Ender (10 min): Think Pair Square Share: Discuss what your diet is like and how you should improve it.

Homework: Here you write homework given out or due. For the nutrition lesson: tell as many people as you can about how to eat more healthily.

Assessment: What will you do to know the students’ have achieved (or not) the learning outcomes? In the nutrition lesson, the ender activity will help you assess the students.

Review of the lesson: After the lesson, you can fill this box out. What worked well? What could you do better next time? This section will help you improve as a teacher. Remember to include positive things too. For example, you might write:

1) Activity, Main 2 and Main 3 were excellent. 2) Students enjoyed the lesson 3) There was not enough time to do the ender properly.

5 Minute lesson plan

An alternative lesson plan template which is popular with many teachers is the ‘5 minute lesson plan’ which you can read more about at https://www.teachertoolkit.co.uk/5minplan/

The lesson plan includes some of the following parts:

The Big Picture is about how the lesson fits into the series of lessons in your subject.

Engagement is what you do to capture student interest at the start of the lesson, for example using Think Pair Square Share to discuss a question or showing them some interesting images about the topic.

Stickability is what you will do to help students remember the topic, for example using some questions after the lesson to help them remember the topic or including a memorable demonstration.

Differentiation: How will you provide a lesson that works for the weaker students and the stronger students and those with learning difficulties?

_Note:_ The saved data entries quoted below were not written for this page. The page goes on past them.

(* Let $G$ be a finite group and let $k$ be the core of $|F(G)|$. Then for every $i \geq 0$, \[ \nu_{i+1}(G) = [F(G), \nu_i(G)]\, \nu_i(G)^k , \] where $\nu_i(G)^k$ denotes the subgroup generated by all $k$-th powers of elements of $\nu_i(G)$.
   Context: For a finite group $G$, $F(G)$ denotes its Fitting subgroup (the largest nilpotent normal subgroup). The $F$-central series of $G$ is defined by $\nu_0(G)=F(G)$ and, for $i\ge 0$, $\nu_{i+1}(G)$ is the smallest normal subgroup $N$ of $F(G)$ with $N\le \nu_i(G)$ such that $\nu_i(G)/N$ is centralized by $F(G)$ and is a direct product of elementary abelian groups. The core of a positive integer $n=p_1^{e_1}\cdots p_r^{e_r}$ (distinct primes $p_j$, all $e_j\ge 1$) is $p_1\cdots p_r$. *)

theory Defs
  imports "HOL-Algebra.Algebra" "HOL-Computational_Algebra.Primes"
begin

definition comm_subgroup :: "('a, 'b) monoid_scheme \<Rightarrow> 'a set \<Rightarrow> 'a set \<Rightarrow> 'a set" where
  "comm_subgroup G A B = generate G
     {a \<otimes>\<^bsub>G\<^esub> b \<otimes>\<^bsub>G\<^esub> inv\<^bsub>G\<^esub> a \<otimes>\<^bsub>G\<^esub> inv\<^bsub>G\<^esub> b | a b. a \<in> A \<and> b \<in> B}"

primrec lower_central :: "('a, 'b) monoid_scheme \<Rightarrow> nat \<Rightarrow> 'a set" where
  "lower_central G 0 = carrier G"
| "lower_central G (Suc n) = comm_subgroup G (carrier G) (lower_central G n)"

definition nilpotent :: "('a, 'b) monoid_scheme \<Rightarrow> bool" where
  "nilpotent G \<longleftrightarrow> group G \<and> (\<exists>n. lower_central G n = {\<one>\<^bsub>G\<^esub>})"

definition Fitting :: "('a, 'b) monoid_scheme \<Rightarrow> 'a set" where
  "Fitting G = (THE N. N \<lhd> G \<and> nilpotent (G\<lparr>carrier := N\<rparr>) \<and>
      (\<forall>M. M \<lhd> G \<and> nilpotent (G\<lparr>carrier := M\<rparr>) \<longrightarrow> M \<subseteq> N))"

definition elementary_abelian :: "('a, 'b) monoid_scheme \<Rightarrow> bool" where
  "elementary_abelian E \<longleftrightarrow> comm_group E \<and>
     (\<exists>p::nat. Factorial_Ring.prime p \<and> (\<forall>x \<in> carrier E. x [^]\<^bsub>E\<^esub> p = \<one>\<^bsub>E\<^esub>))"

(* Q is (isomorphic to) a direct product of finitely many elementary abelian groups;
   the factors may be taken to be subgroups of Q itself *)
definition dprod_elem_abelian :: "('a, 'b) monoid_scheme \<Rightarrow> bool" where
  "dprod_elem_abelian Q \<longleftrightarrow> (\<exists>(I::nat set) H. finite I \<and>
     (\<forall>i \<in> I. subgroup (H i) Q \<and> elementary_abelian (Q\<lparr>carrier := H i\<rparr>)) \<and>
     Q \<cong> product_group I (\<lambda>i. Q\<lparr>carrier := H i\<rparr>))"

definition Fstep_ok :: "('a, 'b) monoid_scheme \<Rightarrow> 'a set \<Rightarrow> 'a set \<Rightarrow> bool" where
  "Fstep_ok G V N \<longleftrightarrow>
     N \<lhd> (G\<lparr>carrier := Fitting G\<rparr>) \<and> N \<subseteq> V \<and>
     (\<forall>f \<in> Fitting G. \<forall>x \<in> V. f \<otimes>\<^bsub>G\<^esub> x \<otimes>\<^bsub>G\<^esub> inv\<^bsub>G\<^esub> f \<otimes>\<^bsub>G\<^esub> inv\<^bsub>G\<^esub> x \<in> N) \<and>
     dprod_elem_abelian ((G\<lparr>carrier := V\<rparr>) Mod N)"

primrec Fcentral :: "('a, 'b) monoid_scheme \<Rightarrow> nat \<Rightarrow> 'a set" where
  "Fcentral G 0 = Fitting G"
| "Fcentral G (Suc i) = (THE N. Fstep_ok G (Fcentral G i) N \<and>
      (\<forall>M. Fstep_ok G (Fcentral G i) M \<longrightarrow> N \<subseteq> M))"

definition core :: "nat \<Rightarrow> nat" where
  "core n = \<Prod>(prime_factors n)"

end

theory Submission
  imports Defs
begin

text \<open>Since a product of two normal nilpotent subgroups is nilpotent (Fitting's theorem), a finite
  group has a greatest normal nilpotent subgroup \<open>F\<close>. For \<open>V \<unlhd> F\<close>, a normal subgroup \<open>N \<le> V\<close>
  of \<open>F\<close> is admissible exactly when \<open>[F, V] \<le> N\<close> and \<open>V/N\<close> is abelian of exponent dividing the
  core \<open>k\<close> of \<open>|F|\<close>: a direct product of elementary abelian groups whose order divides \<open>|F|\<close>
  has exponent dividing \<open>k\<close>, and conversely an abelian group of squarefree exponent \<open>k\<close> splits
  into its subgroups of prime exponent \<open>p | k\<close>, the projections being \<open>y \<mapsto> y [^] e\<^sub>p\<close> with
  \<open>e\<^sub>p \<equiv> 1 (mod p)\<close> and \<open>e\<^sub>p \<equiv> 0 (mod q)\<close> for the other primes \<open>q | k\<close>. Hence
  \<open>[F, V] V\<^sup>k\<close> is the least admissible subgroup.\<close>

section \<open>Commutators\<close>

context group begin

lemma inv_mult_cancel_left: "g \<in> carrier G \<Longrightarrow> x \<in> carrier G \<Longrightarrow> inv g \<otimes> (g \<otimes> x) = x"
  by (simp add: m_assoc[symmetric])

lemma mult_inv_cancel_left: "g \<in> carrier G \<Longrightarrow> x \<in> carrier G \<Longrightarrow> g \<otimes> (inv g \<otimes> x) = x"
  by (simp add: m_assoc[symmetric])

lemmas cancel_simps = m_assoc inv_mult_group inv_mult_cancel_left mult_inv_cancel_left

lemma conj_commutator:
  assumes "g \<in> carrier G" "a \<in> carrier G" "b \<in> carrier G"
  shows "g \<otimes> (a \<otimes> b \<otimes> inv a \<otimes> inv b) \<otimes> inv g =
    (g \<otimes> a \<otimes> inv g) \<otimes> (g \<otimes> b \<otimes> inv g) \<otimes> inv (g \<otimes> a \<otimes> inv g) \<otimes> inv (g \<otimes> b \<otimes> inv g)"
  using assms by (simp add: cancel_simps)

lemma commutator_inv_right:
  assumes "x \<in> carrier G" "s \<in> carrier G"
  shows "x \<otimes> inv s \<otimes> inv x \<otimes> inv (inv s) = inv s \<otimes> inv (x \<otimes> s \<otimes> inv x \<otimes> inv s) \<otimes> inv (inv s)"
  using assms by (simp add: cancel_simps)

lemma commutator_mult_right:
  assumes "x \<in> carrier G" "s \<in> carrier G" "t \<in> carrier G"
  shows "x \<otimes> (s \<otimes> t) \<otimes> inv x \<otimes> inv (s \<otimes> t) =
    (x \<otimes> s \<otimes> inv x \<otimes> inv s) \<otimes> (s \<otimes> (x \<otimes> t \<otimes> inv x \<otimes> inv t) \<otimes> inv s)"
  using assms by (simp add: cancel_simps)

lemma commutator_mult_left:
  assumes "a \<in> carrier G" "b \<in> carrier G" "s \<in> carrier G"
  shows "(a \<otimes> b) \<otimes> s \<otimes> inv (a \<otimes> b) \<otimes> inv s =
    (a \<otimes> (b \<otimes> s \<otimes> inv b \<otimes> inv s) \<otimes> inv a) \<otimes> (a \<otimes> s \<otimes> inv a \<otimes> inv s)"
  using assms by (simp add: cancel_simps)

lemma conj_nat_pow:
  assumes g: "g \<in> carrier G" and x: "x \<in> carrier G"
  shows "g \<otimes> x [^] (n::nat) \<otimes> inv g = (g \<otimes> x \<otimes> inv g) [^] n"
proof (induction n)
  case 0
  then show ?case using g by simp
next
  case (Suc n)
  have "(g \<otimes> x \<otimes> inv g) [^] Suc n = (g \<otimes> x [^] n \<otimes> inv g) \<otimes> (g \<otimes> x \<otimes> inv g)"
    using Suc by simp
  also have "\<dots> = g \<otimes> x [^] Suc n \<otimes> inv g"
    using g x by (simp add: cancel_simps)
  finally show ?case by simp
qed

lemma subgroup_commutator_closed:
  assumes "subgroup A G" "a \<in> A" "b \<in> A"
  shows "a \<otimes> b \<otimes> inv a \<otimes> inv b \<in> A"
  using assms by (meson subgroup.m_closed subgroup.m_inv_closed)

lemma normal_commutator_closed_right:
  assumes N: "N \<lhd> G" and "a \<in> carrier G" "y \<in> N"
  shows "a \<otimes> y \<otimes> inv a \<otimes> inv y \<in> N"
  using assms normal.inv_op_closed2[OF N] normal_imp_subgroup[OF N]
  by (meson subgroup.m_closed subgroup.m_inv_closed)

lemma normal_commutator_closed_left:
  assumes N: "N \<lhd> G" and a: "a \<in> carrier G" and y: "y \<in> N"
  shows "y \<otimes> a \<otimes> inv y \<otimes> inv a \<in> N"
proof -
  have H: "subgroup N G" by (rule normal_imp_subgroup[OF N])
  have "y \<otimes> (a \<otimes> inv y \<otimes> inv a) \<in> N"
    using H y normal.inv_op_closed2[OF N a subgroup.m_inv_closed[OF H y]]
    by (rule subgroup.m_closed)
  then show ?thesis using a y subgroup.mem_carrier[OF H] by (simp add: m_assoc)
qed

lemma normal_set_mult:
  assumes A: "A \<lhd> G" and B: "B \<lhd> G"
  shows "A <#> B \<lhd> G"
proof (rule normal_invI)
  show "subgroup (A <#> B) G" by (rule mult_norm_subgroup[OF A normal_imp_subgroup[OF B]])
  fix x h assume x: "x \<in> carrier G" and h: "h \<in> A <#> B"
  then obtain a b where ab: "a \<in> A" "b \<in> B" "h = a \<otimes> b" unfolding set_mult_def by blast
  have "a \<in> carrier G" "b \<in> carrier G"
    using ab A B by (auto dest: normal_imp_subgroup subgroup.mem_carrier)
  then have "x \<otimes> h \<otimes> inv x = (x \<otimes> a \<otimes> inv x) \<otimes> (x \<otimes> b \<otimes> inv x)"
    using x ab(3) by (simp add: cancel_simps)
  moreover have "x \<otimes> a \<otimes> inv x \<in> A" "x \<otimes> b \<otimes> inv x \<in> B"
    using A B ab x by (auto intro: normal.inv_op_closed2)
  ultimately show "x \<otimes> h \<otimes> inv x \<in> A <#> B" unfolding set_mult_def by blast
qed

lemma set_mult_subset_subgroup:
  assumes "subgroup M G" "A \<subseteq> M" "B \<subseteq> M"
  shows "A <#> B \<subseteq> M"
  using assms unfolding set_mult_def by (auto intro: subgroup.m_closed)

lemma power_subgroup_normal:
  assumes V: "V \<lhd> G"
  shows "generate G {x [^] (n::nat) | x. x \<in> V} \<lhd> G"
proof (rule normal_generateI)
  have "subgroup V G" by (rule normal_imp_subgroup[OF V])
  then show "{x [^] n | x. x \<in> V} \<subseteq> carrier G" by (auto dest: subgroup.mem_carrier)
  fix h g assume "h \<in> {x [^] n | x. x \<in> V}" and g: "g \<in> carrier G"
  then obtain x where x: "h = x [^] n" "x \<in> V" by blast
  then have "g \<otimes> h \<otimes> inv g = (g \<otimes> x \<otimes> inv g) [^] n"
    using g \<open>subgroup V G\<close> by (simp add: conj_nat_pow subgroup.mem_carrier)
  moreover have "g \<otimes> x \<otimes> inv g \<in> V" using V g x(2) by (rule normal.inv_op_closed2)
  ultimately show "g \<otimes> h \<otimes> inv g \<in> {x [^] n | x. x \<in> V}" by blast
qed

lemma subgroup_nat_pow_closed: "subgroup H G \<Longrightarrow> x \<in> H \<Longrightarrow> x [^] (n::nat) \<in> H"
  by (induction n) (auto intro: subgroup.m_closed subgroup.one_closed)

lemma power_subgroup_subset:
  assumes "subgroup V G"
  shows "generate G {x [^] (n::nat) | x. x \<in> V} \<subseteq> V"
  using assms by (intro generate_subgroup_incl) (auto intro: subgroup_nat_pow_closed)

lemma commutator_in_comm_subgroup:
  "x \<in> U \<Longrightarrow> y \<in> W \<Longrightarrow> x \<otimes> y \<otimes> inv x \<otimes> inv y \<in> comm_subgroup G U W"
  unfolding comm_subgroup_def by (intro generate.incl) auto

lemma comm_subgroup_subset:
  assumes "subgroup N G" "\<And>x y. x \<in> U \<Longrightarrow> y \<in> W \<Longrightarrow> x \<otimes> y \<otimes> inv x \<otimes> inv y \<in> N"
  shows "comm_subgroup G U W \<subseteq> N"
  unfolding comm_subgroup_def using assms by (intro generate_subgroup_incl) auto

lemma comm_subgroup_normal:
  assumes U: "U \<lhd> G" and W: "W \<lhd> G"
  shows "comm_subgroup G U W \<lhd> G"
  unfolding comm_subgroup_def
proof (rule normal_generateI)
  have "U \<subseteq> carrier G" "W \<subseteq> carrier G"
    using U W by (auto dest: normal_imp_subgroup subgroup.mem_carrier)
  then show "{a \<otimes> b \<otimes> inv a \<otimes> inv b |a b. a \<in> U \<and> b \<in> W} \<subseteq> carrier G"
    by (auto simp: subset_iff)
  fix h g assume "h \<in> {a \<otimes> b \<otimes> inv a \<otimes> inv b |a b. a \<in> U \<and> b \<in> W}" and g: "g \<in> carrier G"
  then obtain a b where ab: "h = a \<otimes> b \<otimes> inv a \<otimes> inv b" "a \<in> U" "b \<in> W" by blast
  have "a \<in> carrier G" "b \<in> carrier G"
    using ab \<open>U \<subseteq> carrier G\<close> \<open>W \<subseteq> carrier G\<close> by auto
  then have "g \<otimes> h \<otimes> inv g =
      (g \<otimes> a \<otimes> inv g) \<otimes> (g \<otimes> b \<otimes> inv g) \<otimes> inv (g \<otimes> a \<otimes> inv g) \<otimes> inv (g \<otimes> b \<otimes> inv g)"
    unfolding ab(1) by (rule conj_commutator[OF g])
  moreover have "g \<otimes> a \<otimes> inv g \<in> U" "g \<otimes> b \<otimes> inv g \<in> W"
    using U W g ab by (auto intro: normal.inv_op_closed2)
  ultimately show "g \<otimes> h \<otimes> inv g \<in> {a \<otimes> b \<otimes> inv a \<otimes> inv b |a b. a \<in> U \<and> b \<in> W}" by blast
qed

lemma commutator_generate_closed:
  assumes N: "N \<lhd> G" and S: "S \<subseteq> carrier G" and x: "x \<in> carrier G"
    and comm: "\<And>s. s \<in> S \<Longrightarrow> x \<otimes> s \<otimes> inv x \<otimes> inv s \<in> N"
    and d: "d \<in> generate G S"
  shows "x \<otimes> d \<otimes> inv x \<otimes> inv d \<in> N"
  using d
proof (induction rule: generate.induct)
  case one
  then show ?case using x N by (simp add: normal_imp_subgroup subgroup.one_closed)
next
  case (incl s)
  then show ?case by (rule comm)
next
  case (inv s)
  have s: "s \<in> carrier G" using inv S by auto
  have "inv (x \<otimes> s \<otimes> inv x \<otimes> inv s) \<in> N"
    using comm[OF inv] normal_imp_subgroup[OF N] by (rule subgroup.m_inv_closed[rotated])
  then have "inv s \<otimes> inv (x \<otimes> s \<otimes> inv x \<otimes> inv s) \<otimes> inv (inv s) \<in> N"
    using N s by (intro normal.inv_op_closed2) auto
  then show ?case using commutator_inv_right x s by simp
next
  case (eng s t)
  have st: "s \<in> carrier G" "t \<in> carrier G" using eng generate_in_carrier S by auto
  have "s \<otimes> (x \<otimes> t \<otimes> inv x \<otimes> inv t) \<otimes> inv s \<in> N"
    using N st(1) eng.IH(2) by (rule normal.inv_op_closed2)
  with eng.IH(1) have "(x \<otimes> s \<otimes> inv x \<otimes> inv s) \<otimes> (s \<otimes> (x \<otimes> t \<otimes> inv x \<otimes> inv t) \<otimes> inv s) \<in> N"
    by (rule subgroup.m_closed[OF normal_imp_subgroup[OF N]])
  then show ?case using commutator_mult_right x st by simp
qed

Learning episodes: A learning episode is a section of your lesson. If lessons are two hours long you may have more than four learning episodes.

Other lesson planning thoughts

  • Students learn in a variety of different ways. The best teachers will have varied lessons containing a variety of activities.
  • Split a lesson up into a start, middle and end:
    • At the start, you engage the students in today’s lesson and remind them of any knowledge they need.
    • The middle is the longest bit, where students work towards achieving the learning outcomes.
    • At the end of a lesson include a formative assessment activity where you review the lesson and find out what students learnt.

Activity

Plan lessons using ideas from this chapter and one of the templates for the next few weeks. This will take time to start with. Once you are successfully planning lessons, think about how you can speed up your planning.